REQUIRED WORK
In the entries below, find every line with "moments" and copy it.

DATA FOR REVIEW
lemma restricted_gls_estimator:
  fixes H N X Pi \<Omega> Si :: "real mat" and \<beta> \<beta>s :: "real vec" and y :: "'w \<Rightarrow> real vec"
  assumes H: "H \<in> carrier_mat m K" and N: "N \<in> carrier_mat K k" and X: "X \<in> carrier_mat T K"
    and Pi: "Pi \<in> carrier_mat T T" and \<Omega>: "\<Omega> \<in> carrier_mat T T"
    and Pi_sym: "Pi\<^sup>T = Pi" and Pi_\<Omega>_Pi: "Pi * \<Omega> * Pi = Pi"
    and HN: "H * N = 0\<^sub>m m k"
    and ker_H: "\<forall>v \<in> carrier_vec K. H *\<^sub>v v = 0\<^sub>v m \<longrightarrow> (\<exists>c \<in> carrier_vec k. v = N *\<^sub>v c)"
    and Si: "Si \<in> carrier_mat k k" and S_Si: "N\<^sup>T * (X\<^sup>T * Pi * X) * N * Si = 1\<^sub>m k"
    and Si_S: "Si * (N\<^sup>T * (X\<^sup>T * Pi * X) * N) = 1\<^sub>m k"
    and \<beta>: "\<beta> \<in> carrier_vec K" and \<beta>s: "\<beta>s \<in> carrier_vec K" and H_\<beta>s: "H *\<^sub>v \<beta>s = H *\<^sub>v \<beta>"
    and P: "prob_space P" and y: "\<forall>\<omega> \<in> space P. y \<omega> \<in> carrier_vec T"
    and int_y: "\<forall>l<T. integrable P (\<lambda>\<omega>. y \<omega> $ l)"
    and int_uu: "\<forall>l<T. \<forall>m<T. integrable P (\<lambda>\<omega>. (y \<omega> - X *\<^sub>v \<beta>) $ l * (y \<omega> - X *\<^sub>v \<beta>) $ m)"
    and Eu: "vexp P (\<lambda>\<omega>. y \<omega> - X *\<^sub>v \<beta>) T = 0\<^sub>v T"
    and Euu: "vsecond P (\<lambda>\<omega>. y \<omega> - X *\<^sub>v \<beta>) T = \<sigma>2 \<cdot>\<^sub>m \<Omega>"
  shows "let bhat = (\<lambda>\<omega>. N * Si * N\<^sup>T * X\<^sup>T * Pi *\<^sub>v y \<omega> + (1\<^sub>m K - N * Si * N\<^sup>T * (X\<^sup>T * Pi * X)) *\<^sub>v \<beta>s)
    in (\<forall>\<omega> \<in> space P.
          H *\<^sub>v bhat \<omega> = H *\<^sub>v \<beta> \<and> N\<^sup>T * (X\<^sup>T * Pi * X) *\<^sub>v bhat \<omega> = N\<^sup>T * X\<^sup>T * Pi *\<^sub>v y \<omega> \<and>
          (\<forall>b \<in> carrier_vec K. H *\<^sub>v b = H *\<^sub>v \<beta> \<and> N\<^sup>T * (X\<^sup>T * Pi * X) *\<^sub>v b = N\<^sup>T * X\<^sup>T * Pi *\<^sub>v y \<omega>
              \<longrightarrow> b = bhat \<omega>))
       \<and> vexp P bhat K = \<beta>
       \<and> vcov P bhat K = \<sigma>2 \<cdot>\<^sub>m (N * Si * N\<^sup>T)"
proof -
  have "(N\<^sup>T * (X\<^sup>T * Pi * X) * N)\<^sup>T = N\<^sup>T * (X\<^sup>T * Pi * X) * N"
    using N X Pi Pi_sym by (simp add: mat_dims_simps)
  moreover have "N\<^sup>T * (X\<^sup>T * Pi * X) * N \<in> carrier_mat k k"
    using N by (intro carrier_matI) simp_all
  ultimately have Si_sym: "Si\<^sup>T = Si"
    using inverse_mat_symmetric[OF _ Si _ Si_S S_Si] by blast
  note normal_eq = restricted_normal_equations_solution[OF H N X Pi Si HN ker_H Si_S S_Si \<beta> \<beta>s H_\<beta>s]
  define bhat where "bhat = (\<lambda>\<omega>. N * Si * N\<^sup>T * X\<^sup>T * Pi *\<^sub>v y \<omega>
    + (1\<^sub>m K - N * Si * N\<^sup>T * (X\<^sup>T * Pi * X)) *\<^sub>v \<beta>s)"
  have y_\<omega>: "y \<omega> \<in> carrier_vec T" if "\<omega> \<in> space P" for \<omega>
    using y that by blast
  have solves: "H *\<^sub>v bhat \<omega> = H *\<^sub>v \<beta>" "N\<^sup>T * (X\<^sup>T * Pi * X) *\<^sub>v bhat \<omega> = N\<^sup>T * X\<^sup>T * Pi *\<^sub>v y \<omega>"
    if "\<omega> \<in> space P" for \<omega>
    using normal_eq(1,2)[OF y_\<omega>[OF that]] by (simp_all add: bhat_def)
  have unique: "b = bhat \<omega>" if "\<omega> \<in> space P" "b \<in> carrier_vec K" "H *\<^sub>v b = H *\<^sub>v \<beta>"
    "N\<^sup>T * (X\<^sup>T * Pi * X) *\<^sub>v b = N\<^sup>T * X\<^sup>T * Pi *\<^sub>v y \<omega>" for \<omega> b
    using normal_eq(3)[OF y_\<omega>[OF that(1)] that(2-4)] by (simp add: bhat_def)
  have "\<forall>\<omega> \<in> space P. bhat \<omega> = \<beta> + N * Si * N\<^sup>T * X\<^sup>T * Pi *\<^sub>v (y \<omega> - X *\<^sub>v \<beta>)"
    using normal_eq(4) y by (simp add: bhat_def)
  note moments = restricted_gls_moments[OF P X N Si Pi \<Omega> \<beta> Pi_sym Pi_\<Omega>_Pi Si_sym Si_S y
      int_y int_uu Eu Euu this]
  show ?thesis
    unfolding Let_def bhat_def[symmetric] using solves unique moments by blast
qed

WRITTEN REPLY
  note moments = restricted_gls_moments[OF P X N Si Pi \<Omega> \<beta> Pi_sym Pi_\<Omega>_Pi Si_sym Si_S y
    unfolding Let_def bhat_def[symmetric] using solves unique moments by blast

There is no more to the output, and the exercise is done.